[BioC] Voom and removing batch effect

Ryan C. Thompson rct at thompsonclan.org
Tue Jan 21 20:50:35 CET 2014


Hello Heather,

The way that edgeR, voom, and limma handle batch effects in a 
differential expression test is not by removing them, but simply 
including a batch effect term in the model. This is what you are doing 
when you use "~batch + dz_cat" as your model formula. When you test for 
differential expression using this design (i.e. by using lmFit, eBayes, 
and topTable), the test will be done in a way that corrects for the 
batch effect.

If you just want to remove the batch effect for visualization or 
clustering purposes, limma provides the "removeBatchEffect" function for 
this purpose.

-Ryan Thompson

On Tue 21 Jan 2014 11:42:29 AM PST, Heather Estrella wrote:
>
> Hi,
>
> I have a miRNA-Seq dataset with clear batch effect that I'm trying to 
> correct for in order to run differential expression using voom/limma. 
> Based on the Limma User Guide, this can be done by adding batch as a 
> confounding factor to the design matrix used by voom and limma fit. 
> However, when I run an MDS plot on batch using the voom results, it's 
> still showing a clear batch effect.

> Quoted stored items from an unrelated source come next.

(* Let $n\ge2$, let $Q=[0,1]^2$ be the unit square, and let $P=\operatorname{conv}\big((Q\times\{0\}^{n-2})\cup\{e_3,\dots,e_n\}\big)\subset\mathbb{R}^n$ be the iterated pyramid over the unit square. Let $\chi$ be the Santaló point of $P$. Then $\operatorname{vol}(P)\operatorname{vol}(P^\chi)\le\dfrac{4n^{n+1}}{(n!)^2}$, with equality if and only if $n=2$ (i.e. $P$ is the unit square).
   Context: For a convex body $K$ with the origin in its interior, $K^*=\{y:\langle x,y\rangle\le1\ \forall x\in K\}$. The Santaló point of $P$ is the unique interior point $\chi$ minimizing $\operatorname{vol}((P-\chi)^* )$; $P^\chi=(P-\chi)^*$. $e_i$ denotes the $i$-th standard basis vector. *)

theory Defs
  imports "HOL-Analysis.Analysis"
begin

definition polar :: "('a::real_inner) set \<Rightarrow> 'a set" where
  "polar K = {y. \<forall>x\<in>K. inner x y \<le> 1}"

definition santalo_point :: "('a::euclidean_space) set \<Rightarrow> 'a \<Rightarrow> bool" where
  "santalo_point P c \<longleftrightarrow> c \<in> interior P \<and>
     (\<forall>z\<in>interior P. measure lebesgue (polar ((\<lambda>x. x - c) ` P))
                      \<le> measure lebesgue (polar ((\<lambda>x. x - z) ` P)))"

definition sq_pyramid :: "'n::finite \<Rightarrow> 'n \<Rightarrow> (real^'n) set" where
  "sq_pyramid i j = convex hull
     ({x. 0 \<le> x$i \<and> x$i \<le> 1 \<and> 0 \<le> x$j \<and> x$j \<le> 1 \<and> (\<forall>k. k \<noteq> i \<and> k \<noteq> j \<longrightarrow> x$k = 0)}
      \<union> {axis k 1 | k. k \<noteq> i \<and> k \<noteq> j})"

end

theory Submission
  imports Defs
begin

text \<open>
  Up to a set of measure zero, the pyramid is the union of two simplices of volume 1/n!, and the polar
  of P - z (for z in the interior) splits along the signs of the two square coordinates into four
  simplices; pulling them back to weighted standard simplices gives vol (P - z)^* in closed form.
  The Santalo point is never computed: its polar volume is at most that of the explicit interior
  point z with z_i = z_j = 3/(2(n+1)) and z_k = 1/(n+1) on the apex coordinates, which yields
  vol P vol P^chi \<le> 32 (n+1)^(n+1) / (27 (n!)^2). This is strictly below 4 n^(n+1)/(n!)^2 as
  soon as n \<ge> 3, while for n = 2 the closed form is at least 8 = 4 * 2^3/(2!)^2 at every interior
  point, with equality at the centre.
\<close>

section \<open>Lebesgue measure of linear images and of simplices\<close>

lemma measure_shear_image:
  fixes S :: "(real^'n::finite) set"
  assumes "m \<noteq> n" and S: "S \<in> lmeasurable"
  defines "f \<equiv> \<lambda>x. \<chi> i. if i = m then x$m + x$n else x$i"
  shows "f ` S \<in> lmeasurable" and "measure lebesgue (f ` S) = measure lebesgue S"
proof -
  have lin: "linear f"
    unfolding f_def by (rule linearI) (auto simp: vec_eq_iff algebra_simps)
  have box: "measure lebesgue (f ` cbox a b) = measure lebesgue (cbox a b)" for a b
  proof (cases "cbox a b = {}")
    case False
    \<comment> \<open>the library's shear formula needs a nonnegative lower bound in coordinate n, so translate first\<close>
    define t :: "real^'n" where "t = - (a$n) *\<^sub>R axis n 1"
    have "f ` cbox (t + a) (t + b) = (+) (f t) ` f ` cbox a b"
      by (simp add: cbox_translation image_image linear_add[OF lin])
    then have "measure lebesgue (f ` cbox a b) = measure lebesgue (f ` cbox (t + a) (t + b))"
      by (simp add: measure_translation)
    also have "\<dots> = measure lebesgue (cbox (t + a) (t + b))"
    proof -
      have "cbox (t + a) (t + b) \<noteq> {}"
        using False by (simp add: cbox_translation)
      then show ?thesis
        unfolding f_def by (rule measure_shear_interval[OF \<open>m \<noteq> n\<close>]) (simp add: t_def)
    qed
    also have "\<dots> = measure lebesgue (cbox a b)"
      by (simp only: cbox_translation measure_translation)
    finally show ?thesis .
  qed simp
  show "f ` S \<in> lmeasurable" "measure lebesgue (f ` S) = measure lebesgue S"
    using measure_linear_sufficient[OF lin S, of 1] box by auto
qed

lemma measure_swap_image:
  fixes S :: "(real^'n::finite) set" and m n :: 'n
  assumes S: "S \<in> lmeasurable"
  defines "g \<equiv> \<lambda>x. \<chi> i. x $ Transposition.transpose m n i"
  shows "g ` S \<in> lmeasurable" and "measure lebesgue (g ` S) = measure lebesgue S"
proof -
  let ?\<tau> = "Transposition.transpose m n"
  have lin: "linear g"
    unfolding g_def by (rule linearI) (simp_all add: vec_eq_iff)
  have g_involutive: "g (g x) = x" for x
    by (simp add: g_def vec_eq_iff)
  have image_box: "g ` cbox a b = cbox (g a) (g b)" for a b
  proof -
    have "x \<in> g ` cbox a b \<longleftrightarrow> g x \<in> cbox a b" for x
      by (metis g_involutive image_iff)
    also have "g x \<in> cbox a b \<longleftrightarrow> x \<in> cbox (g a) (g b)" for x
      unfolding mem_box_cart g_def
      by (metis (no_types) transpose_involutory vec_lambda_beta)
    finally show ?thesis by blast
  qed
  have box: "measure lebesgue (g ` cbox a b) = measure lebesgue (cbox a b)" for a b
  proof (cases "cbox a b = {}")
    case False
    then have "cbox (g a) (g b) \<noteq> {}"
      using image_box by auto
    moreover have "(\<Prod>i\<in>UNIV. (b - a) $ ?\<tau> i) = (\<Prod>i\<in>UNIV. (b - a) $ i)"
      using prod.permute[OF permutes_swap_id, of m UNIV n "\<lambda>i. (b - a) $ i"] by (simp add: o_def)
    ultimately show ?thesis
      using False unfolding image_box by (simp add: content_cbox_cart g_def)
  qed simp
  show "g ` S \<in> lmeasurable" "measure lebesgue (g ` S) = measure lebesgue S"
    using measure_linear_sufficient[OF lin S, of 1] box by auto
qed

lemma det_matrix_stretch: "det (matrix (\<lambda>x::real^'n::finite. \<chi> i. c i * x$i)) = prod c UNIV"
proof -
  have "matrix (\<lambda>x::real^'n. \<chi> i. c i * x$i) = (\<chi> i j. if i = j then c i else 0)"
    by (simp add: matrix_def vec_eq_iff axis_def)
  then show ?thesis
    by (simp add: det_diagonal)
qed

lemma det_matrix_shear:
  fixes m n :: "'n::finite"
  assumes "m \<noteq> n"
  shows "det (matrix (\<lambda>x::real^'n. \<chi> i. if i = m then x$m + x$n else x$i)) = 1"
proof -
  have "matrix (\<lambda>x::real^'n. \<chi> i. if i = m then x$m + x$n else x$i)
      = (\<chi> k. if k = m then row m (mat 1) + 1 *s row n (mat 1) else row k (mat 1))"
    by (auto simp: matrix_def vec_eq_iff row_def mat_def axis_def)
  then show ?thesis
    using det_row_operation[OF assms, of "mat 1 :: real^'n^'n" 1] by simp
qed

lemma abs_det_matrix_swap:
  "\<bar>det (matrix (\<lambda>x::real^'n::finite. \<chi> i. x $ Transposition.transpose m n i))\<bar> = 1"
proof -
  have "orthogonal_transformation (\<lambda>x::real^'n. \<chi> i. x $ Transposition.transpose m n i)"
    unfolding orthogonal_transformation_def
  proof (intro conjI allI)
    show "linear (\<lambda>x::real^'n. \<chi> i. x $ Transposition.transpose m n i)"
      by (rule linearI) (simp_all add: vec_eq_iff)
    show "(\<chi> i. v $ Transposition.transpose m n i) \<bullet> (\<chi> i. w $ Transposition.transpose m n i) = v \<bullet> w"
      for v w :: "real^'n"
      unfolding inner_vec_def
      using sum.permute[OF permutes_swap_id, of m UNIV n "\<lambda>i. v $ i \<bullet> w $ i"] by (simp add: o_def)
  qed
  then show ?thesis
    by simp
qed

text \<open>Unlike the library lemma measure_linear_image, this does not require a well-ordered index type.\<close>

proposition
  fixes f :: "real^'n::finite \<Rightarrow> real^'n"
  assumes "linear f" and "S \<in> lmeasurable"
  shows measurable_linear_image_cart: "f ` S \<in> lmeasurable"
    and measure_linear_image_cart: "measure lebesgue (f ` S) = \<bar>det (matrix f)\<bar> * measure lebesgue S"
proof -
  let ?P = "\<lambda>f :: real^'n \<Rightarrow> real^'n. \<forall>S \<in> lmeasurable.
    f ` S \<in> lmeasurable \<and> measure lebesgue (f ` S) = \<bar>det (matrix f)\<bar> * measure lebesgue S"
  have "?P f"
  proof (rule induct_linear_elementary[OF \<open>linear f\<close>])
    fix f g :: "real^'n \<Rightarrow> real^'n"
    assume "linear f" "linear g" "?P f" "?P g"
    show "?P (f \<circ> g)"
    proof
      fix S :: "(real^'n) set"
      assume "S \<in> lmeasurable"
      with \<open>?P g\<close> have "g ` S \<in> lmeasurable"
        and "measure lebesgue (g ` S) = \<bar>det (matrix g)\<bar> * measure lebesgue S"
        by auto
      with \<open>?P f\<close> show "(f \<circ> g) ` S \<in> lmeasurable \<and>
          measure lebesgue ((f \<circ> g) ` S) = \<bar>det (matrix (f \<circ> g))\<bar> * measure lebesgue S"
        unfolding image_comp[symmetric] matrix_compose[OF \<open>linear g\<close> \<open>linear f\<close>]
        by (simp add: det_mul abs_mult)
    qed
  next
    fix f :: "real^'n \<Rightarrow> real^'n" and i
    assume f: "linear f" "\<And>x. f x $ i = 0"
    then have "\<not> surj f"
      by (metis (full_types) one_neq_zero surjE vec_component)
    then have "\<not> inj f" and "det (matrix f) = 0"
      using f(1) det_nz_iff_inj linear_injective_imp_surjective by blast+
    then show "?P f"
      using f(1) negligible_linear_singular_image negligible_imp_measure0
      by (auto intro: negligible_imp_measurable)
  next
    fix c :: "'n \<Rightarrow> real"
    show "?P (\<lambda>x. \<chi> i. c i * x $ i)"
      by (simp add: measurable_stretch measure_stretch det_matrix_stretch)
  next
    fix m n :: 'n
    show "?P (\<lambda>x. \<chi> i. x $ Transposition.transpose m n i)"
      by (simp add: measure_swap_image abs_det_matrix_swap)
  next
    fix m n :: 'n
    assume "m \<noteq> n"
    then show "?P (\<lambda>x. \<chi> i. if i = m then x $ m + x $ n else x $ i)"
      using measure_shear_image[OF \<open>m \<noteq> n\<close>] det_matrix_shear[OF \<open>m \<noteq> n\<close>] by simp
  qed
  with assms show "f ` S \<in> lmeasurable" "measure lebesgue (f ` S) = \<bar>det (matrix f)\<bar> * measure lebesgue S"
    by blast+
qed

lemma det_rows_add_scaled:
  fixes w :: "'n::finite \<Rightarrow> 'a::comm_ring_1^'n" and v :: "'a^'n"
  shows "det (\<chi> r. if r \<in> R then w r + u r *s v else w r)
       = det (\<chi> r. w r) + (\<Sum>r\<in>R. u r * det (\<chi> r'. if r' = r then v else w r'))"
  using finite[of R]
proof (induction R arbitrary: w rule: finite_induct)
  case (insert r0 R)
  let ?W = "\<lambda>r. if r \<in> R then w r + u r *s v else w r"
  have "(\<chi> r. if r \<in> insert r0 R then w r + u r *s v else w r)
      = (\<chi> r. if r = r0 then w r0 + u r0 *s v else ?W r)"
    using insert.hyps by (auto simp: vec_eq_iff)
  moreover have "(\<chi> r. if r = r0 then w r0 else ?W r) = (\<chi> r. ?W r)"
    using insert.hyps by (auto simp: vec_eq_iff)
  ultimately have split: "det (\<chi> r. if r \<in> insert r0 R then w r + u r *s v else w r)
      = det (\<chi> r. ?W r) + u r0 * det (\<chi> r. if r = r0 then v else ?W r)"
    by (simp add: det_row_add det_row_mul)
  \<comment> \<open>adding multiples of the row v to the other rows does not change the determinant\<close>
  have "det (\<chi> r. if r = r0 then v else ?W r) = det (\<chi> r. if r = r0 then v else w r)"
  proof -
    let ?V = "\<lambda>r. if r = r0 then v else w r"
    have "(\<chi> r. if r = r0 then v else ?W r) = (\<chi> r. if r \<in> R then ?V r + u r *s v else ?V r)"
      using insert.hyps by (auto simp: vec_eq_iff)
    moreover have "det (\<chi> r'. if r' = r then v else ?V r') = 0" if "r \<in> R" for r
      using that insert.hyps by (intro det_identical_rows[of r r0]) (auto simp: row_def)
    ultimately show ?thesis
      using insert.IH[of ?V] by simp
  qed
  then show ?case
    using split insert.IH[of w] insert.hyps by (simp add: algebra_simps)
qed simp

lemma det_matrix_add_rank_one:
  fixes u v :: "real^'n::finite"
  shows "det (matrix (\<lambda>x. x + (v \<bullet> x) *\<^sub>R u)) = 1 + u \<bullet> v"
proof -
  have "matrix (\<lambda>x. x + (v \<bullet> x) *\<^sub>R u) = (\<chi> r. axis r 1 + u$r *s v)"
    by (simp add: matrix_def vec_eq_iff inner_axis) (simp add: axis_def)
  moreover have "(\<chi> r. axis r 1) = (mat 1 :: real^'n^'n)"
    by (simp add: vec_eq_iff mat_def axis_def)
  moreover have "det (\<chi> r'. if r' = r then v else axis r' (1::real)) = v$r" for r
  proof -
    have rows: "row i (mat 1 :: real^'n^'n) = axis i 1" for i
      by (simp add: row_def mat_def axis_def vec_eq_iff)
    show ?thesis
      using cramer_lemma_transpose[of r v "mat 1", unfolded rows basis_expansion] by simp
  qed
  ultimately show ?thesis
    using det_rows_add_scaled[where R=UNIV and w="\<lambda>r. axis r 1" and u="\<lambda>r. u$r" and v=v]
    by (simp add: inner_vec_def)
qed

lemma
  fixes f :: "real^'n::finite \<Rightarrow> real^'n"
  assumes f: "linear f" "det (matrix f) \<noteq> 0" and S: "S \<in> lmeasurable"
  shows measurable_affine_preimage_cart: "{x. f x + c \<in> S} \<in> lmeasurable"
    and measure_affine_preimage_cart:
      "measure lebesgue {x. f x + c \<in> S} = measure lebesgue S / \<bar>det (matrix f)\<bar>"
proof -
  have "inj f"
    using f det_nz_iff_inj by blast
  then have "surj f"
    using f(1) linear_injective_imp_surjective by blast
  define T where "T = (\<lambda>x. x - c) ` S"
  have T: "T \<in> lmeasurable" "measure lebesgue T = measure lebesgue S"
    unfolding T_def by (simp_all add: S measurable_translation_subtract measure_translation_subtract)
  have preimage: "{x. f x + c \<in> S} = inv f ` T"
  proof (intro set_eqI iffI)
    fix x
    assume "x \<in> {x. f x + c \<in> S}"
    then have "f x \<in> T"
      unfolding T_def by (force simp: image_iff)
    then show "x \<in> inv f ` T"
      using inv_f_f[OF \<open>inj f\<close>] by (metis image_eqI)
  next
    fix x
    assume "x \<in> inv f ` T"
    then obtain y where "y \<in> S" "x = inv f (y - c)"
      unfolding T_def by auto
    then show "x \<in> {x. f x + c \<in> S}"
      using surj_f_inv_f[OF \<open>surj f\<close>] by simp
  qed
  have lin: "linear (inv f)"
    using f(1) \<open>inj f\<close> by (simp add: inj_linear_imp_inv_linear)
  show "{x. f x + c \<in> S} \<in> lmeasurable"
    unfolding preimage by (rule measurable_linear_image_cart[OF lin T(1)])
  have "measure lebesgue T = \<bar>det (matrix f)\<bar> * measure lebesgue (inv f ` T)"
    using measure_linear_image_cart[OF f(1), of "inv f ` T"] measurable_linear_image_cart[OF lin T(1)]
    by (simp add: image_image surj_f_inv_f[OF \<open>surj f\<close>])
  then show "measure lebesgue {x. f x + c \<in> S} = measure lebesgue S / \<bar>det (matrix f)\<bar>"
    unfolding preimage using f(2) T(2) by (simp add: field_simps)
qed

What am I missing? What is the 
> best way to correct for and test for batch effect after correction?
>
> In the design matrix, the "dz_cat" group to compare all the other 
> groups does not appear in the design matrix. My understanding from 
> reading other posting by Gordom Smyth is that it's because it is used 
> as the comparison group to all the other groups. I'm not sure why it 
> is all 1's though.
>
> FYI: I am able to correct for batch effect using the cpm-log2 values 
> and ComBat. However, for differential expression using voom/limma I 
> need to use raw counts for the normalization and differential comparison.
>
> Here is my code:
>
>>
>> library(edgeR)
>> library(limma)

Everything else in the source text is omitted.